━━ Records to use ━━

lemma sum_cycle_pair_bound_tail_le:
  fixes \<xi> :: real
  assumes \<theta>: "\<theta> > 0" and \<xi>: "\<xi> > 0"
  shows "(\<Sum>k | k \<in> {1..n} \<and> \<xi> < real k. cycle_pair_bound \<theta> n k)
           \<le> (4 * \<theta> ^ 2 + 8 * \<theta> * (\<theta> + 1)) / \<xi>"
proof -
  have "(\<Sum>k | k \<in> {1..n} \<and> \<xi> < real k. cycle_pair_bound \<theta> n k)
      = (\<Sum>k | k \<in> {1..n} \<and> \<xi> < real k \<and> 4 * k \<le> n. cycle_pair_bound \<theta> n k)
        + (\<Sum>k | k \<in> {1..n} \<and> \<xi> < real k \<and> n < 4 * k. cycle_pair_bound \<theta> n k)"
    by (subst sum.union_disjoint[symmetric]) (auto intro!: sum.cong)
  also have "\<dots> \<le> 4 * \<theta> ^ 2 / \<xi> + 8 * \<theta> * (\<theta> + 1) / \<xi>"
    by (intro add_mono sum_cycle_pair_bound_small_tail_le sum_cycle_pair_bound_large_tail_le \<theta> \<xi>)
  finally show ?thesis by (simp add: add_divide_distrib)
qed
lemma sum_cycle_pair_bound_le:
  assumes "\<theta> > 0"
  shows "(\<Sum>k\<in>{1..n}. cycle_pair_bound \<theta> n k) \<le> 2 * (4 * \<theta> ^ 2 + 8 * \<theta> * (\<theta> + 1))"
proof -
  have "{k. k \<in> {1..n} \<and> 1 / 2 < real k} = {1..n}" by auto
  then show ?thesis using sum_cycle_pair_bound_tail_le[OF assms, of "1 / 2" n] by simp
qed

section \<open>Permutations outside \<open>P_xi\<close>\<close>

definition bad_cycle_weight :: "real \<Rightarrow> nat \<Rightarrow> real" where
  "bad_cycle_weight \<xi> k = (if \<xi> < real k then 1 else 2 / \<xi> ^ 2)"

lemma one_le_bad_cycle_weight:
  assumes \<xi>: "\<xi> \<ge> 2" and c: "c \<ge> 2" "\<xi> < real k \<or> \<xi> < real c"
  shows "1 \<le> bad_cycle_weight \<xi> k * real (c * (c - 1))"
proof -
  have c_real: "real (c * (c - 1)) = real c * (real c - 1)" "real c \<ge> 2"
    using c(1) by (simp_all add: of_nat_diff)
  show ?thesis
  proof (cases "\<xi> < real k")
    case True
    have "1 * 1 \<le> real c * (real c - 1)" using c_real(2) by (intro mult_mono) auto
    then show ?thesis unfolding c_real(1) using True by (simp add: bad_cycle_weight_def)
  next
    case False
    then have "\<xi> < real c" using c(2) by simp
    then have "\<xi> * (\<xi> / 2) \<le> real c * (real c - 1)" using \<xi> by (intro mult_mono) auto
    then have "1 \<le> 2 / \<xi> ^ 2 * (real c * (real c - 1))"
      using \<xi> by (simp add: field_simps power2_eq_square)
    then show ?thesis unfolding c_real(1) using False by (simp add: bad_cycle_weight_def)
  qed
qed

━━━

Requirement: Restate each record exactly as written.

Result for this task:
lemma sum_cycle_pair_bound_tail_le:
  fixes \<xi> :: real
  assumes \<theta>: "\<theta> > 0" and \<xi>: "\<xi> > 0"
  shows "(\<Sum>k | k \<in> {1..n} \<and> \<xi> < real k. cycle_pair_bound \<theta> n k)
           \<le> (4 * \<theta> ^ 2 + 8 * \<theta> * (\<theta> + 1)) / \<xi>"
proof -
  have "(\<Sum>k | k \<in> {1..n} \<and> \<xi> < real k. cycle_pair_bound \<theta> n k)
      = (\<Sum>k | k \<in> {1..n} \<and> \<xi> < real k \<and> 4 * k \<le> n. cycle_pair_bound \<theta> n k)
        + (\<Sum>k | k \<in> {1..n} \<and> \<xi> < real k \<and> n < 4 * k. cycle_pair_bound \<theta> n k)"
    by (subst sum.union_disjoint[symmetric]) (auto intro!: sum.cong)
  also have "\<dots> \<le> 4 * \<theta> ^ 2 / \<xi> + 8 * \<theta> * (\<theta> + 1) / \<xi>"
    by (intro add_mono sum_cycle_pair_bound_small_tail_le sum_cycle_pair_bound_large_tail_le \<theta> \<xi>)
  finally show ?thesis by (simp add: add_divide_distrib)
qed
lemma sum_cycle_pair_bound_le:
  assumes "\<theta> > 0"
  shows "(\<Sum>k\<in>{1..n}. cycle_pair_bound \<theta> n k) \<le> 2 * (4 * \<theta> ^ 2 + 8 * \<theta> * (\<theta> + 1))"
proof -
  have "{k. k \<in> {1..n} \<and> 1 / 2 < real k} = {1..n}" by auto
  then show ?thesis using sum_cycle_pair_bound_tail_le[OF assms, of "1 / 2" n] by simp
qed

section \<open>Permutations outside \<open>P_xi\<close>\<close>

definition bad_cycle_weight :: "real \<Rightarrow> nat \<Rightarrow> real" where
  "bad_cycle_weight \<xi> k = (if \<xi> < real k then 1 else 2 / \<xi> ^ 2)"

lemma one_le_bad_cycle_weight:
  assumes \<xi>: "\<xi> \<ge> 2" and c: "c \<ge> 2" "\<xi> < real k \<or> \<xi> < real c"
  shows "1 \<le> bad_cycle_weight \<xi> k * real (c * (c - 1))"
proof -
  have c_real: "real (c * (c - 1)) = real c * (real c - 1)" "real c \<ge> 2"
    using c(1) by (simp_all add: of_nat_diff)
  show ?thesis
  proof (cases "\<xi> < real k")
    case True
    have "1 * 1 \<le> real c * (real c - 1)" using c_real(2) by (intro mult_mono) auto
    then show ?thesis unfolding c_real(1) using True by (simp add: bad_cycle_weight_def)
  next
    case False
    then have "\<xi> < real c" using c(2) by simp
    then have "\<xi> * (\<xi> / 2) \<le> real c * (real c - 1)" using \<xi> by (intro mult_mono) auto
    then have "1 \<le> 2 / \<xi> ^ 2 * (real c * (real c - 1))"
      using \<xi> by (simp add: field_simps power2_eq_square)
    then show ?thesis unfolding c_real(1) using False by (simp add: bad_cycle_weight_def)
  qed
qed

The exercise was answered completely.